On the social aspect, Tencent recognises previous controversies related to
Diversity, Equity and Inclusion (DEI) and has proactively made steady progress
towards gender equity at board and company levels. We reiterated Fidelity's
policy requiring a minimum of 30% female representation at the board level.
Following the appointment of a female non-executive director, the board of
Tencent has increased the ratio of female directors to 22.2% and intends to
raise this percentage further.
From a governance perspective, we recommended that the company should consider
greater disclosure on data privacy. Overall, we were impressed to see the
incremental progress Tencent is making in improving its ESG practices.
Current portfolio positioning
On a relative basis, at the reporting period end we were most overweight the
Benchmark Index in the industrials, health care, consumer discretionary and
information technology sectors. We were most underweight in utilities, energy
and communication services.
A notable change to the portfolio during the period was a significant decrease
in exposure to the consumer discretionary sector, triggered mostly by profit
taking.

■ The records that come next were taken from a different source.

definition level :: "nat \<Rightarrow> (nat \<times> int) set" where
  "level i = {i} \<times> {0..<int (fib (i + 2))} \<union> {i + 1} \<times> {0..<int (fib (i + 1))}"

lemma Idx_eq_level: "Idx (i + 3) = level i"
  unfolding Idx_def level_def by auto

lemma mem_level:
  "(x, j) \<in> level i \<longleftrightarrow>
    x = i \<and> 0 \<le> j \<and> j < int (fib (i + 2)) \<or> x = i + 1 \<and> 0 \<le> j \<and> j < int (fib (i + 1))"
  unfolding level_def by auto

lemma level_0: "level 0 = {(0, 0), (1, 0)}"
  unfolding level_def by (auto simp: numeral_2_eq_2)

definition children :: "nat \<Rightarrow> nat \<times> int \<Rightarrow> (nat \<times> int) set" where
  "children i p =
    (if fst p = i then {(i + 1, snd p + int (fib (i + 1))), (i + 2, snd p)} else {p})"

lemma level_Suc: "level (Suc i) = (\<Union>p\<in>level i. children i p)"
proof (intro equalityI subsetI)
  fix q assume "q \<in> level (Suc i)"
  obtain x j where q: "q = (x, j)" by fastforce
  have "x = i + 1 \<and> 0 \<le> j \<and> j < int (fib (i + 1)) + int (fib (i + 2))
      \<or> x = i + 2 \<and> 0 \<le> j \<and> j < int (fib (i + 2))"
    using \<open>q \<in> level (Suc i)\<close> unfolding q mem_level by (simp add: numeral_2_eq_2)
  then consider
      "x = i + 1" "0 \<le> j" "j < int (fib (i + 1))"
    | "x = i + 1" "int (fib (i + 1)) \<le> j" "j < int (fib (i + 1)) + int (fib (i + 2))"
    | "x = i + 2" "0 \<le> j" "j < int (fib (i + 2))"
    using le_less_linear[of "int (fib (i + 1))" j] by blast
  then show "q \<in> (\<Union>p\<in>level i. children i p)"
  proof cases
    case 1
    then have "q \<in> level i" "q \<in> children i q" by (simp_all add: q mem_level children_def)
    then show ?thesis by blast
  next
    case 2
    then have "(i, j - int (fib (i + 1))) \<in> level i" "q \<in> children i (i, j - int (fib (i + 1)))"
      by (simp_all add: q mem_level children_def)
    then show ?thesis by blast
  next
    case 3
    then have "(i, j) \<in> level i" "q \<in> children i (i, j)" by (simp_all add: q mem_level children_def)
    then show ?thesis by blast
  qed
next
  fix q assume "q \<in> (\<Union>p\<in>level i. children i p)"
  then obtain x j where "(x, j) \<in> level i" "q \<in> children i (x, j)" by auto
  then show "q \<in> level (Suc i)"
    by (cases q) (auto simp: mem_level children_def numeral_2_eq_2 split: if_splits)
qed

lemma disjoint_family_on_children: "disjoint_family_on (children i) (level i)"
  unfolding disjoint_family_on_def level_def children_def by auto

lemma R_eq_UN_children: "case_prod R p = (\<Union>q\<in>children i p. case_prod R q)"
  using R_eq_Un[of i "snd p"] by (auto simp: children_def split_beta)

lemma disjoint_family_on_R_children: "disjoint_family_on (case_prod R) (children i p)"
  using R_disjoint[of i "snd p"] by (auto simp: children_def disjoint_family_on_def)

lemma disjoint_family_on_level: "disjoint_family_on (case_prod R) (level i)"
proof (induction i)
  case 0
  show ?case
    unfolding level_0 disjoint_family_on_def using Beatty_Int_eq_empty R_0_0 R_1_0
    by (simp add: Int_commute)
next
  case (Suc i)
  show ?case
    unfolding level_Suc using Suc.IH disjoint_family_on_children disjoint_family_on_R_children
    by (intro disjoint_family_on_refinement) (simp_all flip: R_eq_UN_children)
qed

lemma UN_level: "(\<Union>p\<in>level i. case_prod R p) = Npos"
proof (induction i)
  case 0
  show ?case unfolding level_0 using Beatty_Un_eq_Npos R_0_0 R_1_0 by simp
next
  case (Suc i)
  show ?case unfolding level_Suc UN_UN_flatten by (simp flip: R_eq_UN_children add: Suc.IH)
qed

lemma card_level: "card (level i) = fib (i + 3)"
proof -
  have "card (level i) = card ({i} \<times> {0..<int (fib (i + 2))}) + card ({i + 1} \<times> {0..<int (fib (i + 1))})"
    unfolding level_def by (rule card_Un_disjoint) auto
  also have "\<dots> = fib (i + 2) + fib (i + 1)" by (simp add: card_cartesian_product_singleton)
  also have "\<dots> = fib (i + 3)" by (simp add: numeral_3_eq_3 numeral_2_eq_2)
  finally show ?thesis .
qed

lemma PP_eq_image_level: "k \<ge> 3 \<Longrightarrow> PP k = case_prod R ` level (k - 3)"
  using Idx_eq_level[of "k - 3"] by (simp add: PP_def)

lemma partition_on_PP: "partition_on Npos (PP k)"
proof (cases "k \<ge> 3")
  case True
  have "disjoint (case_prod R ` level (k - 3))"
    using disjoint_family_on_level by (rule disjoint_family_on_disjoint_image)
  moreover have "\<Union> (case_prod R ` level (k - 3)) = Npos" using UN_level by simp
  moreover have "{} \<notin> case_prod R ` level (k - 3)" by (auto simp: R_nonempty[symmetric])
  ultimately show ?thesis unfolding PP_eq_image_level[OF True] partition_on_def by blast
next
  case False
  have "1 \<in> Npos" by (simp add: Npos_def)
  then show ?thesis unfolding PP_def using False by (auto intro: partition_on_space)
qed

lemma card_PP: "k \<ge> 1 \<Longrightarrow> card (PP k) = fib k"
proof (cases "k \<ge> 3")
  case True
  have "inj_on (case_prod R) (level (k - 3))"
    using disjoint_family_on_level
    by (subst (asm) disjoint_family_on_iff_disjoint_image) (auto simp: R_nonempty split_beta)
  then show ?thesis
    unfolding PP_eq_image_level[OF True] using card_level[of "k - 3"] True by (simp add: card_image)
next
  case False
  assume "k \<ge> 1"
  with False have "k = 1 \<or> k = 2" by auto
  then show ?thesis unfolding PP_def by (auto simp: numeral_2_eq_2)
qed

The proceeds of these sales have been deployed to increase our
allocation in consumer staples, materials and energy sectors.
In information technology, we trimmed our holding in Alibaba Group and initiated
a position (which we have since increased) in PDD Holdings, which is the third
largest e-commerce platform in China and shows outstanding efficiency in supply
chain management and cost control. This competitive edge allows the company to
offer very competitive pricing, driving continuous gains in market share. This
same edge is helping PDD to expand internationally via its Temu brand,
leveraging China's supply chain to meet offshore demand. Currently, Temu is
still loss-making due to its significant investment in the user acquisition
phase, so in the near-term the expansion is a drag on PDD's profits. However,
over the long-term, we believe there is good potential for significant value to
be created in this business, and therefore, the stock offers great upside
potential when profitability improves, and the market takes a more positive view
of the sustainability of its earnings.
Elsewhere in the consumer space, the positions in MINISO and Lao Feng Xiang were
sold to lock in profits which we recycled into better priced opportunities
elsewhere. For example, we purchased a new position in online video platform
operator iQiyi. It offers an attractive valuation and we believe there is good
potential for the competitive environment to improve.
Within the energy sector, we initiated a new position in integrated offshore oil
services provider China Oilfield Services, which is 50% owned by the national
oil company CNOOC. The company provides leading drilling services in China,
while its well service business is also starting to gain market share overseas.
We see favourable supply and demand dynamics in the mid-term and the valuations
are very compelling.
Premium growth in the life insurance market was negatively impacted during Covid
and the recovery has been muted. However, we still see good long-term potential
in the Chinese insurance market given the relatively low levels of penetration.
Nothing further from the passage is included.